The Twin TT’s $1,000-plus price point also helps to insulates it from economic pressures as it targets a less-vulnerable, upper-income consumer niche. Slusarek said the company anticipates double-digit sales growth this year, declining to provide further specifics. Dyson, the high-end vacuum pioneer, does not anticipate a sales slowdown due to prevailing conditions. “[The economic slowdown] doesn’t mean much to us—people are buying us because of the performance of our product,” said Gordon Thom, Dyson’s president of U.S. operations. Dyson expects to log sales gains in 2008, Thom said, declining to provide specifics. The bulk of the sales increases should come from its “bread and butter” full-size upright line with its relatively new hand vacuum units and its recently launched DC-24 and DC-25 ultra lightweight uprights providing an added boost, he said.
High-end vacuum makers that do not compete on price are also swimming against the retail current this year as floor care departments have become increasingly promotional. During the post-holiday sales period, retailers have become noticeably promotional. Linens ’n Things earlier in the month ran a national floor care spectacular on the front page of its Web site and in stores in which it offered a free $10 to $50 gift card with purchase of select floor care. Kohl’s was also in on the act, offering 10 percent to 60 percent discounts on floor care as part of its year-end sale.
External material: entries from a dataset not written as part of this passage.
lemma qplex_through_point_excluding_ray:
  assumes "CARD('n) = d^2" "d \<ge> 2" "closed G" "convex G" "germ d G"
    and "in_ball d \<subseteq> G" "range (basis_dist d) \<subseteq> G"
    and "p \<in> polar d G" "p \<notin> G"
  obtains M :: "(real^'n::finite) set" where "qplex d M" "G \<subseteq> M" "p \<in> M"
    "\<And>t. t > 1 \<Longrightarrow> centre d + t *\<^sub>R (p - centre d) \<notin> M"
proof -
  define \<alpha> where "\<alpha> = 1 / (real d * (real d + 1))"
  define \<gamma> where "\<gamma> = 1 / ((real d)^2 * (real d + 1))"
  have gap: "1 / (real d)^2 - \<gamma> = \<alpha>" "\<gamma> > 0"
    using assms(2) centre_gap_eq[of "real d"] by (simp_all add: \<alpha>_def \<gamma>_def)
  have "G \<subseteq> hyp"
    using assms(5) by (auto simp: germ_def prob_simplex_def hyp_def)
  moreover have "p \<in> hyp" using assms(8) by (simp add: polar_def)
  moreover have "centre d \<in> G" using centre_in_in_ball[OF assms(1)] assms(6) by blast
  ultimately obtain w where w: "w \<in> polar d G"
    "\<And>t. inner w (centre d + t *\<^sub>R (p - centre d)) = 1 / (real d)^2 - t * \<gamma>"
    using polar_witness_cutting_ray[OF assms(1,3,4) _ _ _ assms(9)] by (auto simp: \<gamma>_def)
  have "germ d (insert w G)"
    using germ_insert_polar[OF assms(1,2,6,7,5) order_refl w(1)] .
  moreover have "inner p w = \<alpha>" using w(2)[of 1] gap by (simp add: inner_commute)
  then have "p \<in> polar d (insert w G)" using assms(8) by (simp add: polar_def \<alpha>_def)
  ultimately have "germ d (insert p (insert w G))"
    using germ_insert_polar[OF assms(1,2,6,7)] by blast
  then obtain M where M: "germ d M" "insert p (insert w G) \<subseteq> M"
    "\<And>X. germ d X \<Longrightarrow> M \<subseteq> X \<Longrightarrow> X = M"
    using maximal_germ_exists by metis
  then have "qplex d M"
    by (intro maximal_germ_is_qplex[OF assms(1,2,6,7)]) auto
  moreover have "centre d + t *\<^sub>R (p - centre d) \<notin> M" if "t > 1" for t
  proof
    assume "centre d + t *\<^sub>R (p - centre d) \<in> M"
    then have "\<alpha> \<le> inner w (centre d + t *\<^sub>R (p - centre d))"
      using \<open>qplex d M\<close> M(2) by (auto simp: qplex_def polar_def \<alpha>_def inner_commute)
    moreover have "\<gamma> < t * \<gamma>" using gap(2) that by simp
    ultimately show False using w(2) gap(1) by simp
  qed
  ultimately show ?thesis
    using that M(2) by simp
qed

lemma subset_closed_conv: "X \<subseteq> closed_conv X"
  unfolding closed_conv_def by (meson closure_subset hull_subset subset_trans)

lemma uncountable_segment_outside_closed:
  fixes c u :: "'a::real_normed_vector"
  assumes "closed G" "u \<notin> G"
  shows "uncountable {s \<in> {0<..1}. c + s *\<^sub>R (u - c) \<notin> G}"
proof -
  have "open ((\<lambda>s. c + s *\<^sub>R (u - c)) -` (- G))"
    using assms(1) by (intro continuous_open_vimage) (auto intro!: continuous_intros)
  moreover have "1 \<in> (\<lambda>s. c + s *\<^sub>R (u - c)) -` (- G)" using assms(2) by simp
  ultimately obtain e where "e > 0" "ball 1 e \<subseteq> (\<lambda>s. c + s *\<^sub>R (u - c)) -` (- G)"
    by (meson open_contains_ball)
  then have "{max 0 (1 - e)<..1} \<subseteq> {s \<in> {0<..1}. c + s *\<^sub>R (u - c) \<notin> G}"
    by (auto simp: dist_real_def subset_iff)
  moreover have "uncountable {max 0 (1 - e)<..1::real}"
    using \<open>e > 0\<close> by (simp add: uncountable_half_open_interval_2)
  ultimately show ?thesis using countable_subset by blast
qed

lemma uncountable_if_separating_members:
  fixes S :: "'b::linorder set" and x :: "'b \<Rightarrow> 'a"
  assumes "uncountable S"
    and "\<And>s. s \<in> S \<Longrightarrow> \<exists>M\<in>Q. x s \<in> M \<and> (\<forall>t\<in>S. s < t \<longrightarrow> x t \<notin> M)"
  shows "uncountable Q"
proof -
  have "\<forall>s\<in>S. \<exists>M. M \<in> Q \<and> x s \<in> M \<and> (\<forall>t\<in>S. s < t \<longrightarrow> x t \<notin> M)"
    using assms(2) by blast
  then obtain F where F: "\<forall>s\<in>S. F s \<in> Q \<and> x s \<in> F s \<and> (\<forall>t\<in>S. s < t \<longrightarrow> x t \<notin> F s)"
    by (metis bchoice)
  have "inj_on F S"
  proof (rule inj_onI)
    fix s t assume st: "s \<in> S" "t \<in> S" "F s = F t"
    show "s = t"
    proof (rule ccontr)
      assume "s \<noteq> t"
      then consider "s < t" | "t < s" by fastforce
      then show False
        using F st by cases auto
    qed
  qed
  moreover have "F ` S \<subseteq> Q" using F by blast
  ultimately show ?thesis
    using assms(1) countable_image_inj_on[of F S] countable_subset[of "F ` S" Q] by blast
qed
(* Let $q$ be a power of an odd prime $p$, $G=\mathrm{SU}_3(q)$, and let $\mathcal{C}=C_2^{(0)}$. Then $K_{\mathcal{C}}$ is irreducible.
   Context: $\mathrm{SU}_3(q)$ is the group of determinant-one matrices $M\in\mathrm{GL}_3(q^2)$ with $M^*JM=J$, where $J$ has ones on the anti-diagonal and zeros elsewhere and $M^*$ is the transpose of $M$ with every entry raised to the $q$-th power. $C_2^{(0)}$ is the $\mathrm{SU}_3(q)$-conjugacy class containing the matrices $\begin{pmatrix}1&0&a\\0&1&0\\0&0&1\end{pmatrix}$ with $a\in\mathbb{F}_{q^2}^\times$, $a+a^q=0$. For a finite group $G$ and a subset $\mathcal{C}\subseteq G\setminus\{1\}$ closed under conjugation, the Killing form is $K_{\mathcal{C}}(a,b)=|C_G(ab)\cap\mathcal{C}|$ on the basis $\mathcal{C}$; it is irreducible if the graph with vertex set $\mathcal{C}$, in which distinct $a,b$ are adjacent iff $C_G(ab)\cap\mathcal{C}\neq\emptyset$, is connected. *)

theory Defs
  imports "HOL-Analysis.Analysis"
begin

text \<open>3x3 matrices over a finite field 'a of order q^2 (q a prime power).
  Indices of type 3 are 0, 1, 2.\<close>

definition antidiag_J :: "'a::field ^3^3" where
  "antidiag_J = (\<chi> i j. if (i = 0 \<and> j = 2) \<or> (i = 1 \<and> j = 1) \<or> (i = 2 \<and> j = 0)
                         then 1 else 0)"

definition frob_transpose :: "nat \<Rightarrow> 'a::field ^3^3 \<Rightarrow> 'a ^3^3" where
  "frob_transpose q M = (\<chi> i j. (M $ j $ i) ^ q)"

definition SU3 :: "nat \<Rightarrow> ('a::field ^3^3) set" where
  "SU3 q = {M. det M = 1 \<and> frob_transpose q M ** antidiag_J ** M = antidiag_J}"

definition transvection :: "'a::field \<Rightarrow> 'a ^3^3" where
  "transvection a = (\<chi> i j. if i = j then 1 else if i = 0 \<and> j = 2 then a else 0)"

definition conj_class :: "('a::field ^3^3) set \<Rightarrow> 'a ^3^3 \<Rightarrow> ('a ^3^3) set" where
  "conj_class G x = {g ** x ** matrix_inv g | g. g \<in> G}"

definition centralizer :: "('a::field ^3^3) set \<Rightarrow> 'a ^3^3 \<Rightarrow> ('a ^3^3) set" where
  "centralizer G x = {g \<in> G. g ** x = x ** g}"

definition C20 :: "nat \<Rightarrow> ('a::field ^3^3) set" where
  "C20 q = (\<Union>a \<in> {a. a \<noteq> 0 \<and> a + a ^ q = 0}. conj_class (SU3 q) (transvection a))"

text \<open>Commuting graph underlying the Killing form K_C: vertices C, distinct a b adjacent
  iff C_G(ab) meets C.\<close>
definition killing_edges :: "('a::field ^3^3) set \<Rightarrow> ('a ^3^3) set \<Rightarrow> (('a ^3^3) \<times> ('a ^3^3)) set" where
  "killing_edges G C = {(a, b). a \<in> C \<and> b \<in> C \<and> a \<noteq> b \<and> centralizer G (a ** b) \<inter> C \<noteq> {}}"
Linens ’n Things promoted floor care in January in an effort to reach consumers that are in post-holiday cleanup mode. “Now in post-holiday it is our job to remind the customer that it is time to clean up,” Bob DiNicola, chairman and chief executive officer of Linens ’n Things, told HFN. “The beginning of the first quarter of the new year revolves around cleaning and storage,” he added. As part of this push, Linens had highlighted cleaning and storage categories in the front of its stores in January,” he added.
“It’s amazing how much promotional activity was focused on floor care,” said Jeffery Collins, vice president of sales and marketing with Halo Co. “The competitive activity in the stores was unbelievable—it was more then we expected,” he added.
Halo late last year unveiled its $499 Halo UV-ST ultraviolet vacuum, which uses ultraviolet light to kill bacteria and other microbes. The company has resisted promotional activity and price wars, as it positions the vacuum in the high end due to its unique germ-eliminating function. However, Collins did note that “the promotional environment makes it more difficult for a higher-end player like ourselves.”